■ **TASK BRIEF**
Scan the entries for the word "notin". Every line that has it should be copied.

╔══

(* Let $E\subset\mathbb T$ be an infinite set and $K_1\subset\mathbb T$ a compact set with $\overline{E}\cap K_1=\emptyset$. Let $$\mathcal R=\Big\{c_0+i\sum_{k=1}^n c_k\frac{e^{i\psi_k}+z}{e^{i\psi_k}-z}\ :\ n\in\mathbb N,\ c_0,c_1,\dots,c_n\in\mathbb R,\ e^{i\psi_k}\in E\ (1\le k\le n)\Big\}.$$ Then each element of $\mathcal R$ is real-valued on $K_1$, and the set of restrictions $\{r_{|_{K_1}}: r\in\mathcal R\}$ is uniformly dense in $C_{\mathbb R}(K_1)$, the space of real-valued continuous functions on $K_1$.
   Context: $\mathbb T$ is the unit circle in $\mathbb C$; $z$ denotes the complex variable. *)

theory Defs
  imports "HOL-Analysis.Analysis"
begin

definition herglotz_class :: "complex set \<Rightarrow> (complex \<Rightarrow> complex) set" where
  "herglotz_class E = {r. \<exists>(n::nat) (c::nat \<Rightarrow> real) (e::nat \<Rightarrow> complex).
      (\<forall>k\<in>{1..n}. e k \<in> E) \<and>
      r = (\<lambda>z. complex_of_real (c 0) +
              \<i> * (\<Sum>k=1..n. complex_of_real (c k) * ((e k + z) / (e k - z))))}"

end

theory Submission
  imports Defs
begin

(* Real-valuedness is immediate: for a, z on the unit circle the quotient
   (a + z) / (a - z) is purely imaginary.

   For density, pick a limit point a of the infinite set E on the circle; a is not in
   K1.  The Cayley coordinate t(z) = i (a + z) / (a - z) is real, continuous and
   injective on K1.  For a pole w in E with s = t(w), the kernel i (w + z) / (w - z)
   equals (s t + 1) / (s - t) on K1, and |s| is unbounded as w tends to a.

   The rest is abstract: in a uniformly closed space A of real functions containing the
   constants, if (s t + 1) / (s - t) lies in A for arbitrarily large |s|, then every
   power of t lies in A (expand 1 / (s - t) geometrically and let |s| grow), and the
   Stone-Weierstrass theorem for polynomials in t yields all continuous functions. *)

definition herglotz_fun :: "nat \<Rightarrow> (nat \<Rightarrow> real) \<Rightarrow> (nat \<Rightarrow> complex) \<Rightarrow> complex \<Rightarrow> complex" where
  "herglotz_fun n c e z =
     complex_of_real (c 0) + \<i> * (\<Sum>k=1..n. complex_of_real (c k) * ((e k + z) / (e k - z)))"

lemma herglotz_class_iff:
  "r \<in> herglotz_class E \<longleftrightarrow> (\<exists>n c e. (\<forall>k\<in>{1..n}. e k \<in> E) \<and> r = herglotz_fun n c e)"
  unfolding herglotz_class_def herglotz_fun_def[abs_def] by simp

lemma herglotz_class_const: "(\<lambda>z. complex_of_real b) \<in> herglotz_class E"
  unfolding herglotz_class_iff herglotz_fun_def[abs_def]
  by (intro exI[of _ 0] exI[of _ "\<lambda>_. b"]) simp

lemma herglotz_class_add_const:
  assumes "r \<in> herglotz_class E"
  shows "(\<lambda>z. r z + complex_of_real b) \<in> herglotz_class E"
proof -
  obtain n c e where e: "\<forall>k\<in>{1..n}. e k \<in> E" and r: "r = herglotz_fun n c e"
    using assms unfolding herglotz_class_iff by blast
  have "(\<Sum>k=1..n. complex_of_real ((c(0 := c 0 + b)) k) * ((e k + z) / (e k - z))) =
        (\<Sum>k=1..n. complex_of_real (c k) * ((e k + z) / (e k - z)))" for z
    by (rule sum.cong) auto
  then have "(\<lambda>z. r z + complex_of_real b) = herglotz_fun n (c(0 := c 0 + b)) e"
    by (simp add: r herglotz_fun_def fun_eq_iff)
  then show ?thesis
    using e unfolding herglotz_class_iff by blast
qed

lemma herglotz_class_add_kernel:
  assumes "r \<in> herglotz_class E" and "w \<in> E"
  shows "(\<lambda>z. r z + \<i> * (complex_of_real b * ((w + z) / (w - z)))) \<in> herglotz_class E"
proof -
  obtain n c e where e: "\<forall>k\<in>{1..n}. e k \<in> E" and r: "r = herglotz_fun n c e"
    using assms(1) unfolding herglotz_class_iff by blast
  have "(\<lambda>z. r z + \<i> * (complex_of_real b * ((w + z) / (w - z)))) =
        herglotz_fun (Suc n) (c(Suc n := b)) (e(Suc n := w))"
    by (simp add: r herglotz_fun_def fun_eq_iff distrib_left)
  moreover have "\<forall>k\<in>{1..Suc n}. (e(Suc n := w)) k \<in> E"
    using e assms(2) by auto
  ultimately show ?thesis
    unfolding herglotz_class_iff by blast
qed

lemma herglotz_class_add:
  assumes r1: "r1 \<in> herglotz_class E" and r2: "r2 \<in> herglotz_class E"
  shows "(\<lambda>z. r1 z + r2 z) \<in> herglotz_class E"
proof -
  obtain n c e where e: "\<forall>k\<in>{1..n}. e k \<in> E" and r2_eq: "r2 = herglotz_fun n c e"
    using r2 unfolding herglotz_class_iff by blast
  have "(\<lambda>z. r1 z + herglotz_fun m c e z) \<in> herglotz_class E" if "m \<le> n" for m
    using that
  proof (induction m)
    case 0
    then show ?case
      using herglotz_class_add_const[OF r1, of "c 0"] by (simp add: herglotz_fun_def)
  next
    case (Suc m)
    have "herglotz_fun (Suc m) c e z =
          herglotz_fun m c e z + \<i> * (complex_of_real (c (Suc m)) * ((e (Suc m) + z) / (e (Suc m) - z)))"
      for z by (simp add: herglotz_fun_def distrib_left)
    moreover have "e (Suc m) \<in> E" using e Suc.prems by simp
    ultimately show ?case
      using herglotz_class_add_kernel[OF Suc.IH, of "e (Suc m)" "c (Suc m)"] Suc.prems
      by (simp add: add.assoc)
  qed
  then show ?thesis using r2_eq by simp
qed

╚══
╔══

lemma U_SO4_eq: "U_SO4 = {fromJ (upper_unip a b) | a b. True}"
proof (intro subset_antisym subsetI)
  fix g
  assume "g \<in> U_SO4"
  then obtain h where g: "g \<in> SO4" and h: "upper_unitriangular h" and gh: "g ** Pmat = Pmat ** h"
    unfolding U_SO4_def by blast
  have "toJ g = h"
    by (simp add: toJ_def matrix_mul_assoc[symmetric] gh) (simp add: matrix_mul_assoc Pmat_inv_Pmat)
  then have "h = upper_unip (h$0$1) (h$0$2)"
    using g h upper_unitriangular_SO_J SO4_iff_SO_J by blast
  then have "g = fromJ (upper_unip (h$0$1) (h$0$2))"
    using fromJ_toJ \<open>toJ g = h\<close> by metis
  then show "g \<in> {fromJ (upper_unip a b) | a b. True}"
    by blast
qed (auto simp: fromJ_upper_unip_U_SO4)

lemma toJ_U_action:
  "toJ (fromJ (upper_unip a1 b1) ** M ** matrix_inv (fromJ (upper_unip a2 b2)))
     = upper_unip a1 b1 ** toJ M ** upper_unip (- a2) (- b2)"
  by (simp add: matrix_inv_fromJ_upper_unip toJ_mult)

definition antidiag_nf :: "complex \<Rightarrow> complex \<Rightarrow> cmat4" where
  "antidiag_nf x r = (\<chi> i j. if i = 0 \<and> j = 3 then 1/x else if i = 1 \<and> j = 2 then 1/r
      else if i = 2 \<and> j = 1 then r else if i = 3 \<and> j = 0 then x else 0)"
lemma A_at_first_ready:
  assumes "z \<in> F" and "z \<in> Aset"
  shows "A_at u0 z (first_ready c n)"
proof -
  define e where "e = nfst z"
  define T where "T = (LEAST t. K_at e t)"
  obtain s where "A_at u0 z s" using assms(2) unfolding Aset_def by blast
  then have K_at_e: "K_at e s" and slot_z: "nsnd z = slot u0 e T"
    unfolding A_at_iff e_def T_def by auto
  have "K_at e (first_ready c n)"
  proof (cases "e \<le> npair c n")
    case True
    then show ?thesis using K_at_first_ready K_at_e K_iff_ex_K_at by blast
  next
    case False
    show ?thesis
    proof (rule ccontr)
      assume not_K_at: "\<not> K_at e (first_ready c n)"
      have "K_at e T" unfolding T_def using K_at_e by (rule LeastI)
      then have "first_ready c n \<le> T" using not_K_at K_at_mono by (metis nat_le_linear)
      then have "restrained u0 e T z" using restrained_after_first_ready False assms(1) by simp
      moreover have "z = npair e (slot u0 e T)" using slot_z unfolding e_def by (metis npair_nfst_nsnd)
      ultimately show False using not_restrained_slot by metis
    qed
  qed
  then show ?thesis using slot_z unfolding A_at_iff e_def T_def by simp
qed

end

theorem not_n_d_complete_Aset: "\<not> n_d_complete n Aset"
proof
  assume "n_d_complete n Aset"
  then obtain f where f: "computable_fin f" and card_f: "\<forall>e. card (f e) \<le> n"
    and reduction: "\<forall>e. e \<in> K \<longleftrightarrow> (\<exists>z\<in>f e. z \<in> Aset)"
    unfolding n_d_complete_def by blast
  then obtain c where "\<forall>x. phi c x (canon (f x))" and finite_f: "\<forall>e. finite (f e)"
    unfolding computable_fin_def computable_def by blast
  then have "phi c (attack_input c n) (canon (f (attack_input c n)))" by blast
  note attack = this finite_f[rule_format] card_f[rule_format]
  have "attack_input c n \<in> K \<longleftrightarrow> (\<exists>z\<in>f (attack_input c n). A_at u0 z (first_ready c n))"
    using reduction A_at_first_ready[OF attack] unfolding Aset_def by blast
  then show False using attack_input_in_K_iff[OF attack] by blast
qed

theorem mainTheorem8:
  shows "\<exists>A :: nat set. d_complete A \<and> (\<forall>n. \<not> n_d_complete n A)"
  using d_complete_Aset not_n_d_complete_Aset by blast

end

╚══
╔══

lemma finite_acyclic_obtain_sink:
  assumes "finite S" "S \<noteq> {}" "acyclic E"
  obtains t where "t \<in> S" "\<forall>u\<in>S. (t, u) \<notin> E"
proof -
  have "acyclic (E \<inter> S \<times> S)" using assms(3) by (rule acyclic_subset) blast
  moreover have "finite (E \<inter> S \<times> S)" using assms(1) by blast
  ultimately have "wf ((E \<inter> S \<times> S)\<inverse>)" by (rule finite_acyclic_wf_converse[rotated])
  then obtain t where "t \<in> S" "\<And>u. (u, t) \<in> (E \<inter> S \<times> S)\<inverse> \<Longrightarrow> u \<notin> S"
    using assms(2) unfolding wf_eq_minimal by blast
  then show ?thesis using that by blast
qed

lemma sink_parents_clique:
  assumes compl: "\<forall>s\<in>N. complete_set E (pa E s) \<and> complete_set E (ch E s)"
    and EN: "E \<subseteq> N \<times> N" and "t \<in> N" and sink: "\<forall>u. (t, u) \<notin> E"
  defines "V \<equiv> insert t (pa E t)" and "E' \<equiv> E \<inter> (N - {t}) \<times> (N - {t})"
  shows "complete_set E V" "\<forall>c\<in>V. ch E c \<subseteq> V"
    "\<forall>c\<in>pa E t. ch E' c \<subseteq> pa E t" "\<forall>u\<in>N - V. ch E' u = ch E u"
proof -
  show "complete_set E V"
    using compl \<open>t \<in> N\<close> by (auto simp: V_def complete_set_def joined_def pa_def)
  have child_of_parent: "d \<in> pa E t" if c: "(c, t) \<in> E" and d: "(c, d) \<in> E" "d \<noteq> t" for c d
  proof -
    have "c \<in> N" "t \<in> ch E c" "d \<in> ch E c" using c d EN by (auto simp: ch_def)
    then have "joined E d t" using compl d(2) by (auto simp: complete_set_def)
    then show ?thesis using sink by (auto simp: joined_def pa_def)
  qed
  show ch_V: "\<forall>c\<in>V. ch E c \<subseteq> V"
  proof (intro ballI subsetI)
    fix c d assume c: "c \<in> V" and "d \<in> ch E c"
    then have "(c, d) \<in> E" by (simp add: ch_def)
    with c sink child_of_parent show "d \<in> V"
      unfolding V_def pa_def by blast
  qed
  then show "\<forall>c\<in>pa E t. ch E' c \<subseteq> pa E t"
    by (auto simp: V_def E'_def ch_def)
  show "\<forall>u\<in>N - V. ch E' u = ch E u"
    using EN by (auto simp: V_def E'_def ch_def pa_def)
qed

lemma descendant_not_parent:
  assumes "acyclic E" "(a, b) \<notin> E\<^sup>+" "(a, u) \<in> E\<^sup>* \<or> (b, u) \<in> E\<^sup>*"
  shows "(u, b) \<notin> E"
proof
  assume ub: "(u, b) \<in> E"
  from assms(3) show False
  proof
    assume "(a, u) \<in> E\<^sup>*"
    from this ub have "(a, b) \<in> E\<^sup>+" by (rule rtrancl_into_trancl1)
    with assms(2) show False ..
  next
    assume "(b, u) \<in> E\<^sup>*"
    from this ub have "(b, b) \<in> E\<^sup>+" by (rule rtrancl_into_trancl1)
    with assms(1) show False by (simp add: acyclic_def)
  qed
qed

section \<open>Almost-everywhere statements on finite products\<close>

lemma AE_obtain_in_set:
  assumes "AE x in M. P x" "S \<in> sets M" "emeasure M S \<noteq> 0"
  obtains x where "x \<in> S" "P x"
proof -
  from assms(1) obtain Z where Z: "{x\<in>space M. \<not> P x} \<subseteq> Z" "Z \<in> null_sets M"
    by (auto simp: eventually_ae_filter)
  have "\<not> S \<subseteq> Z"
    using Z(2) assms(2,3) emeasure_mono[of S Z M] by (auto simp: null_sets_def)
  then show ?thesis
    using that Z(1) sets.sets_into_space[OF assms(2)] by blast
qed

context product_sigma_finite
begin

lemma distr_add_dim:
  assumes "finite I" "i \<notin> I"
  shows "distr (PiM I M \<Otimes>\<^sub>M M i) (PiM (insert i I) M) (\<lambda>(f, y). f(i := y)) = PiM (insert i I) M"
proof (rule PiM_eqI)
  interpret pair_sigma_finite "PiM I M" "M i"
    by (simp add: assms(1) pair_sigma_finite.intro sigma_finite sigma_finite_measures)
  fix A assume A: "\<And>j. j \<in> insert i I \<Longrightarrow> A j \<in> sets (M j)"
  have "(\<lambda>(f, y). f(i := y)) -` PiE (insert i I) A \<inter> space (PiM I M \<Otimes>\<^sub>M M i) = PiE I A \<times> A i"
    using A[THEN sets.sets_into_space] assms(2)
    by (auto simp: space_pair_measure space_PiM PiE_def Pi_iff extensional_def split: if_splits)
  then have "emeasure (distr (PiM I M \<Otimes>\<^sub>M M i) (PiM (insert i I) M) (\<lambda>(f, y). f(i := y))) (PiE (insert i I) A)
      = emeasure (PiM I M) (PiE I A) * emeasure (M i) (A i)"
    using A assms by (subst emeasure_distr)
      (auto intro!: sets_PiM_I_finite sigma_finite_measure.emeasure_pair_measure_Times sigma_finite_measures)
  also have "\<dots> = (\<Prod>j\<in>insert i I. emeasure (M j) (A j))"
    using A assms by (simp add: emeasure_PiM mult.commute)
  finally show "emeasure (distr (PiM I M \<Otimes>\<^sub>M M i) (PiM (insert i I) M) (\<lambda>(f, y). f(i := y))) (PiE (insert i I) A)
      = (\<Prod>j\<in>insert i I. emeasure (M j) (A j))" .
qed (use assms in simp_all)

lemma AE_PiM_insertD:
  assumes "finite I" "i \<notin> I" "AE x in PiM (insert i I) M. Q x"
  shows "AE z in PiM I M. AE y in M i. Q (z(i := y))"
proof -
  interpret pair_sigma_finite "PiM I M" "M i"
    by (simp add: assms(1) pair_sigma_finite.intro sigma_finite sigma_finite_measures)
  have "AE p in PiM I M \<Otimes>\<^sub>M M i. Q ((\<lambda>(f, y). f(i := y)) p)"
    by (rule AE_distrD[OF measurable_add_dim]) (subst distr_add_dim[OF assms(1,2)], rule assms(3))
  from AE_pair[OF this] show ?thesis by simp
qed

╚══

■ **WRITTEN ANSWER**
  obtains t where "t \<in> S" "\<forall>u\<in>S. (t, u) \<notin> E"
  then obtain t where "t \<in> S" "\<And>u. (u, t) \<in> (E \<inter> S \<times> S)\<inverse> \<Longrightarrow> u \<notin> S"
    and EN: "E \<subseteq> N \<times> N" and "t \<in> N" and sink: "\<forall>u. (t, u) \<notin> E"
  assumes "acyclic E" "(a, b) \<notin> E\<^sup>+" "(a, u) \<in> E\<^sup>* \<or> (b, u) \<in> E\<^sup>*"
  shows "(u, b) \<notin> E"
  assumes "finite I" "i \<notin> I"
  assumes "finite I" "i \<notin> I" "AE x in PiM (insert i I) M. Q x"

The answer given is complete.